We note that schools are specifically included within the definition of "public body" in KRS 58.410(1)(a) and that the definition of "public obligation" in KRS 58.410(1)(b) is written about as broadly as it can be. Nevertheless, the remaining provisions support our belief the General Assembly was only considering, as pertinent here, school districts' public obligations on public projects. While recognizing that the titles to the chapters of the Kentucky Revised Statutes are not part of the law (KRS 446.140), still we believe it informative to note that KRS Chapter 58 is entitled "Acquisition and development of public projects through revenue bonds." Moreover, in KRS 58.420 the "public policy of the Commonwealth" is stated "in order that necessary public projects may be financed. " KRS 58.440(1) and (2) refer to either the "financing of a public project" or the "refinancing of a public project. " These repeated references in the text of the law to be public obligations of a public body in connection with a public project lead to only one conclusion, in our opinion, which is that the General Assembly desired to give the latitude to public bodies to borrow money for public projects without the inhibitions produced by a low ceiling on interest rates that could be paid. The preamble to Senate Bill 96 recited in full above bolsters this public projects application analysis.

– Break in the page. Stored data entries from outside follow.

(* Let $d\ge2$ and let $g:\mathbb{R}\to\mathbb{R}$ be a locally Lipschitz function. Assume that for every bounded interval $[a,b]$ there is a separately convex function $f_{[a,b]}:\mathbb{R}^d\to\mathbb{R}$ such that $f_{[a,b]}(u,u,\dots,u)=g(u)$ for each $u\in[a,b]$. Then there is a separately convex function $f:\mathbb{R}^d\to\mathbb{R}$ such that $f(u,u,\dots,u)=g(u)$ for each $u\in\mathbb{R}$.
   Context: A function $f:\mathbb{R}^d\to\mathbb{R}$ is called separately convex if it is convex on every line parallel to a coordinate axis. *)

theory Defs
  imports "HOL-Analysis.Analysis"
begin

definition separately_convex :: "(real ^ 'n \<Rightarrow> real) \<Rightarrow> bool" where
  "separately_convex f \<longleftrightarrow>
     (\<forall>x i. convex_on UNIV (\<lambda>t. f (x + t *\<^sub>R axis i 1)))"

definition locally_lipschitz :: "(real \<Rightarrow> real) \<Rightarrow> bool" where
  "locally_lipschitz g \<longleftrightarrow> (\<forall>a b. \<exists>L. L-lipschitz_on {a..b} g)"

end

theory Submission
  imports Defs
begin

(*
  Fix coordinates i \<noteq> j. The saddle s(a, b) = max a 0 * max b 0 - a * b is affine in each
  variable, vanishes for a, b \<ge> 0, equals -a^2 on the diagonal for a < 0, and is at most
  -1/4 for a, b \<le> -1/2; evaluated at shifted or reflected copies of (x_i, x_j) it is
  separately convex. Given G matching g on the diagonal over [-R, R] and H matching g over
  [-(R+1), R+1], the maximum of G and H, each plus a large multiple of such saddles, is
  separately convex, matches g over [-(R+1), R+1], and equals G on the ball of radius R - 1.
  The multiple only has to beat the bounds of G and H on a cube, and separately convex
  functions are bounded on boxes. Iterating gives a sequence that stabilises on every ball;
  its pointwise limit is the required function.
*)

lemma convex_on_max:
  assumes "convex_on S f" and "convex_on S g"
  shows "convex_on S (\<lambda>x. max (f x) (g x))"
proof (rule convex_onI)
  fix t :: real and x y assume t: "0 < t" "t < 1" and xy: "x \<in> S" "y \<in> S"
  have "f ((1 - t) *\<^sub>R x + t *\<^sub>R y) \<le> (1 - t) * f x + t * f y"
       "g ((1 - t) *\<^sub>R x + t *\<^sub>R y) \<le> (1 - t) * g x + t * g y"
    using assms t xy by (auto intro: convex_onD)
  moreover have "(1 - t) * f x + t * f y \<le> (1 - t) * max (f x) (g x) + t * max (f y) (g y)"
                "(1 - t) * g x + t * g y \<le> (1 - t) * max (f x) (g x) + t * max (f y) (g y)"
    using t by (auto intro!: add_mono mult_left_mono)
  ultimately show "max (f ((1 - t) *\<^sub>R x + t *\<^sub>R y)) (g ((1 - t) *\<^sub>R x + t *\<^sub>R y))
      \<le> (1 - t) * max (f x) (g x) + t * max (f y) (g y)"
    by linarith
qed (use assms convex_on_imp_convex in blast)

lemma convex_on_affine_real: "convex_on UNIV (\<lambda>x::real. s * x + t)"
  by (rule convex_onI) (auto simp: algebra_simps)

definition saddle :: "real \<Rightarrow> real \<Rightarrow> real" where
  "saddle a b = max a 0 * max b 0 - a * b"

lemma saddle_commute: "saddle a b = saddle b a"
  by (simp add: saddle_def mult.commute)

lemma saddle_eq_0: "0 \<le> a \<Longrightarrow> 0 \<le> b \<Longrightarrow> saddle a b = 0"
  by (simp add: saddle_def)

lemma saddle_self_le_0: "saddle a a \<le> 0"
  by (simp add: saddle_def max_def)

lemma saddle_le_neg_quarter:
  assumes "a \<le> -1/2" and "b \<le> -1/2"
  shows "saddle a b \<le> -1/4"
proof -
  have "1/2 * (1/2) \<le> (-a) * (-b)"
    using assms by (intro mult_mono) auto
  then show ?thesis
    using assms by (simp add: saddle_def)
qed

lemma convex_on_saddle_affine: "convex_on UNIV (\<lambda>x. saddle (s * x + t) b)"
proof -
  have "convex_on UNIV (\<lambda>x. max (s * x + t) 0)"
    by (intro convex_on_max convex_on_affine_real) (simp add: convex_on_const)
  then have "convex_on UNIV (\<lambda>x. max b 0 * max (s * x + t) 0 + ((- b * s) * x + (- b * t)))"
    by (intro convex_on_add convex_on_cmul convex_on_affine_real) auto
  then show ?thesis
    by (simp add: saddle_def algebra_simps)
qed

lemma separately_convex_add:
  "separately_convex f \<Longrightarrow> separately_convex g \<Longrightarrow> separately_convex (\<lambda>x. f x + g x)"
  unfolding separately_convex_def by (auto intro: convex_on_add)

lemma separately_convex_cmul:
  "0 \<le> c \<Longrightarrow> separately_convex f \<Longrightarrow> separately_convex (\<lambda>x. c * f x)"
  unfolding separately_convex_def by (auto intro: convex_on_cmul)

lemma separately_convex_max:
  "separately_convex f \<Longrightarrow> separately_convex g \<Longrightarrow> separately_convex (\<lambda>x. max (f x) (g x))"
  unfolding separately_convex_def by (auto intro: convex_on_max)

lemma axis_line_component:
  "(x + t *\<^sub>R axis k 1) $ i = x $ i + (if i = k then t else (0::real))"
  by (simp add: axis_def)

lemma separately_convex_saddle:
  fixes i j :: "'n::finite"
  assumes "i \<noteq> j"
  shows "separately_convex (\<lambda>x::real^'n. saddle (s * x $ i + t) (s * x $ j + t))"
  unfolding separately_convex_def
proof (intro allI)
  fix x :: "real^'n" and k
  have "convex_on UNIV (\<lambda>r. saddle (s * r + (s * x $ i + t)) (s * x $ j + t))"
       "convex_on UNIV (\<lambda>r. saddle (s * r + (s * x $ j + t)) (s * x $ i + t))"
    by (rule convex_on_saddle_affine)+
  then show "convex_on UNIV (\<lambda>r. saddle (s * (x + r *\<^sub>R axis k 1) $ i + t) (s * (x + r *\<^sub>R axis k 1) $ j + t))"
    unfolding axis_line_component using assms
    by (cases "k = i"; cases "k = j")
       (simp_all add: algebra_simps saddle_commute convex_on_const)
qed

lemma separately_convex_bounded_on_slice:
  fixes f :: "real^'n \<Rightarrow> real"
  assumes sc: "separately_convex f" and "finite S"
  shows "\<exists>B. \<forall>y\<in>cbox a b. (\<forall>i. i \<notin> S \<longrightarrow> y $ i = x $ i) \<longrightarrow> \<bar>f y\<bar> \<le> B"
  using \<open>finite S\<close>
proof (induction arbitrary: x)
  case empty
  have "y = x" if "\<forall>i. y $ i = x $ i" for y :: "real^'n"
    using that by (simp add: vec_eq_iff)
  then show ?case by auto
next
  case (insert j S)
  let ?e = "axis j (1::real)"
  let ?slice = "\<lambda>t y. y \<in> cbox a b \<and> (\<forall>i. i \<notin> S \<longrightarrow> y $ i = (x + (t - x $ j) *\<^sub>R ?e) $ i)"
  define c where "c = (a $ j + b $ j) / 2"
  obtain Ba Bb Bc where
    Ba: "\<And>y. ?slice (a $ j) y \<Longrightarrow> \<bar>f y\<bar> \<le> Ba" and Bb: "\<And>y. ?slice (b $ j) y \<Longrightarrow> \<bar>f y\<bar> \<le> Bb" and
    Bc: "\<And>y. ?slice c y \<Longrightarrow> \<bar>f y\<bar> \<le> Bc"
    using insert.IH[of "x + (a $ j - x $ j) *\<^sub>R ?e"] insert.IH[of "x + (b $ j - x $ j) *\<^sub>R ?e"]
      insert.IH[of "x + (c - x $ j) *\<^sub>R ?e"] by blast
  have slice_line: "?slice t (y + (t - y $ j) *\<^sub>R ?e)"
    if "y \<in> cbox a b" "\<forall>i. i \<notin> insert j S \<longrightarrow> y $ i = x $ i" "a $ j \<le> t" "t \<le> b $ j" for y t
    using that unfolding mem_box_cart axis_line_component by auto
  have bounds: "\<bar>f (y + (a $ j - y $ j) *\<^sub>R ?e)\<bar> \<le> Ba" "\<bar>f (y + (b $ j - y $ j) *\<^sub>R ?e)\<bar> \<le> Bb"
    "\<bar>f (y + (c - y $ j) *\<^sub>R ?e)\<bar> \<le> Bc"
    if y: "y \<in> cbox a b" "\<forall>i. i \<notin> insert j S \<longrightarrow> y $ i = x $ i" for y
  proof -
    have "a $ j \<le> b $ j"
      using y(1)[unfolded mem_box_cart, rule_format, of j] by linarith
    then show "\<bar>f (y + (a $ j - y $ j) *\<^sub>R ?e)\<bar> \<le> Ba" "\<bar>f (y + (b $ j - y $ j) *\<^sub>R ?e)\<bar> \<le> Bb"
      "\<bar>f (y + (c - y $ j) *\<^sub>R ?e)\<bar> \<le> Bc"
      by (intro Ba Bb Bc slice_line y; simp add: c_def)+
  qed
  have convex_line: "convex_on UNIV (\<lambda>s. f (y + s *\<^sub>R ?e))" for y
    using sc by (simp add: separately_convex_def)
  have upper: "f y \<le> max Ba Bb"
    if y: "y \<in> cbox a b" "\<forall>i. i \<notin> insert j S \<longrightarrow> y $ i = x $ i" for y
  proof -
    have "a $ j \<le> y $ j" "y $ j \<le> b $ j"
      using y by (auto simp: mem_box_cart)
    then have "f (y + 0 *\<^sub>R ?e) \<le> max (f (y + (a $ j - y $ j) *\<^sub>R ?e)) (f (y + (b $ j - y $ j) *\<^sub>R ?e))"
      by (intro convex_on_le_max[OF convex_on_subset[OF convex_line]]) auto
    then show ?thesis
      using bounds[OF y] by simp
  qed
  have "\<bar>f y\<bar> \<le> max Ba Bb + 2 * Bc"
    if y: "y \<in> cbox a b" "\<forall>i. i \<notin> insert j S \<longrightarrow> y $ i = x $ i" for y
  proof -
    define y' where "y' = y + (2 * (c - y $ j)) *\<^sub>R ?e"
    have "y' \<in> cbox a b" "\<forall>i. i \<notin> insert j S \<longrightarrow> y' $ i = x $ i"
      using y y(1)[unfolded mem_box_cart, rule_format, of j]
      unfolding y'_def mem_box_cart axis_line_component by (auto simp: c_def field_simps)
    then have "f y' \<le> max Ba Bb"
      by (rule upper)
    moreover have "f (y + (c - y $ j) *\<^sub>R ?e) \<le> (1 - 1/2) * f y + 1/2 * f y'"
    proof -
      have "f (y + ((1 - 1/2) *\<^sub>R 0 + (1/2) *\<^sub>R (2 * (c - y $ j))) *\<^sub>R ?e)
          \<le> (1 - 1/2) * f (y + 0 *\<^sub>R ?e) + 1/2 * f y'"
        unfolding y'_def by (rule convex_onD[OF convex_line]) auto
      moreover have "(1 - 1/2) *\<^sub>R 0 + (1/2) *\<^sub>R (2 * (c - y $ j)) = c - y $ j"
        by simp
      ultimately show ?thesis
        by (metis scaleR_zero_left add_0_right)
    qed
    ultimately show ?thesis
      using upper[OF y] bounds(3)[OF y] by (simp add: abs_le_iff)
  qed
  then show ?case by blast
qed

lemma separately_convex_bounded_on_cbox:
  fixes f :: "real^'n \<Rightarrow> real"
  assumes "separately_convex f"
  shows "\<exists>B. \<forall>y\<in>cbox a b. \<bar>f y\<bar> \<le> B"
  using separately_convex_bounded_on_slice[OF assms, of UNIV a b] by simp

(* On the diagonal, the first branch is G pushed down outside [-m, m]; the other two are H
   pushed down below m and above -m respectively. *)
definition diagonal_patch ::
  "'n::finite \<Rightarrow> 'n \<Rightarrow> real \<Rightarrow> real \<Rightarrow> (real^'n \<Rightarrow> real) \<Rightarrow> (real^'n \<Rightarrow> real) \<Rightarrow> real^'n \<Rightarrow> real"
where
  "diagonal_patch i j c m G H x =
     max (G x + c * saddle (m - x $ i) (m - x $ j) + c * saddle (x $ i + m) (x $ j + m))
       (max (H x + c * saddle (x $ i - m) (x $ j - m)) (H x + c * saddle (- m - x $ i) (- m - x $ j)))"

lemma separately_convex_diagonal_patch:
  assumes "i \<noteq> j" and "0 \<le> c" and "separately_convex G" and "separately_convex H"
  shows "separately_convex (diagonal_patch i j c m G H)"
proof -
  have "separately_convex (\<lambda>x. saddle (s * x $ i + t) (s * x $ j + t))" for s t
    using \<open>i \<noteq> j\<close> by (rule separately_convex_saddle)
  from this[of "-1" m] this[of 1 m] this[of 1 "-m"] this[of "-1" "-m"]
  show ?thesis
    unfolding diagonal_patch_def using assms
    by (intro separately_convex_max separately_convex_add separately_convex_cmul) (simp_all add: algebra_simps)
qed

lemma diagonal_patch_on_diagonal:
  assumes "0 \<le> c" and "H (\<chi> l. u) = g u" and "\<bar>u\<bar> \<le> m + 1/2 \<Longrightarrow> G (\<chi> l. u) = g u"
    and "G (\<chi> l. u) \<le> g u + c / 4"
  shows "diagonal_patch i j c m G H (\<chi> l. u) = g u"
proof -
  have le_0: "c * saddle a a \<le> 0" for a
    using \<open>0 \<le> c\<close> saddle_self_le_0 mult_nonneg_nonpos by blast
  have far: "c * saddle a a \<le> - c / 4" if "a \<le> -1/2" for a
    using mult_left_mono[OF saddle_le_neg_quarter[OF that that] \<open>0 \<le> c\<close>] by simp
  have "G (\<chi> l. u) + c * saddle (m - u) (m - u) + c * saddle (u + m) (u + m) \<le> g u"
  proof (cases "\<bar>u\<bar> \<le> m + 1/2")
    case True
    then show ?thesis using assms(3) le_0[of "m - u"] le_0[of "u + m"] by simp
  next
    case False
    then have "m - u \<le> -1/2 \<or> u + m \<le> -1/2" by linarith
    then show ?thesis
      using assms(4) le_0[of "m - u"] le_0[of "u + m"] far[of "m - u"] far[of "u + m"] by linarith
  qed
  moreover have "G (\<chi> l. u) + c * saddle (m - u) (m - u) + c * saddle (u + m) (u + m) = g u"
    if "\<bar>u\<bar> \<le> m" using that assms(3) by (simp add: saddle_eq_0)
  moreover have "H (\<chi> l. u) + c * saddle (u - m) (u - m) \<le> g u" "H (\<chi> l. u) + c * saddle (- m - u) (- m - u) \<le> g u"
    using assms(2) le_0 by auto
  moreover have "H (\<chi> l. u) + c * saddle (u - m) (u - m) = g u" if "m \<le> u"
    using that assms(2) by (simp add: saddle_eq_0)
  moreover have "H (\<chi> l. u) + c * saddle (- m - u) (- m - u) = g u" if "u \<le> - m"
    using that assms(2) by (simp add: saddle_eq_0)
  ultimately show ?thesis
    unfolding diagonal_patch_def by (simp add: max_def) linarith
qed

KRS 160.540 has nothing to do with the financing of public projects. It is simply a statutory vehicle authorizing a school district to borrow money on the board's credit until the revenues to be produced by taxes will be realized. Notes taken by a school district under this statute are typically short-term notes, even though the statute gives the school district the fiscal year in which the funds were borrowed to pay back the loan. We believe if the General Assembly intends to raise or eliminate the maximum rate of interest a school district may pay on such notes, this can be set out quite specifically. We do not read KRS 58.410-58.440, and particularly KRS 58.430, as accomplishing such an interest rate modification when the public obligation of the school district is for money in anticipation of taxes.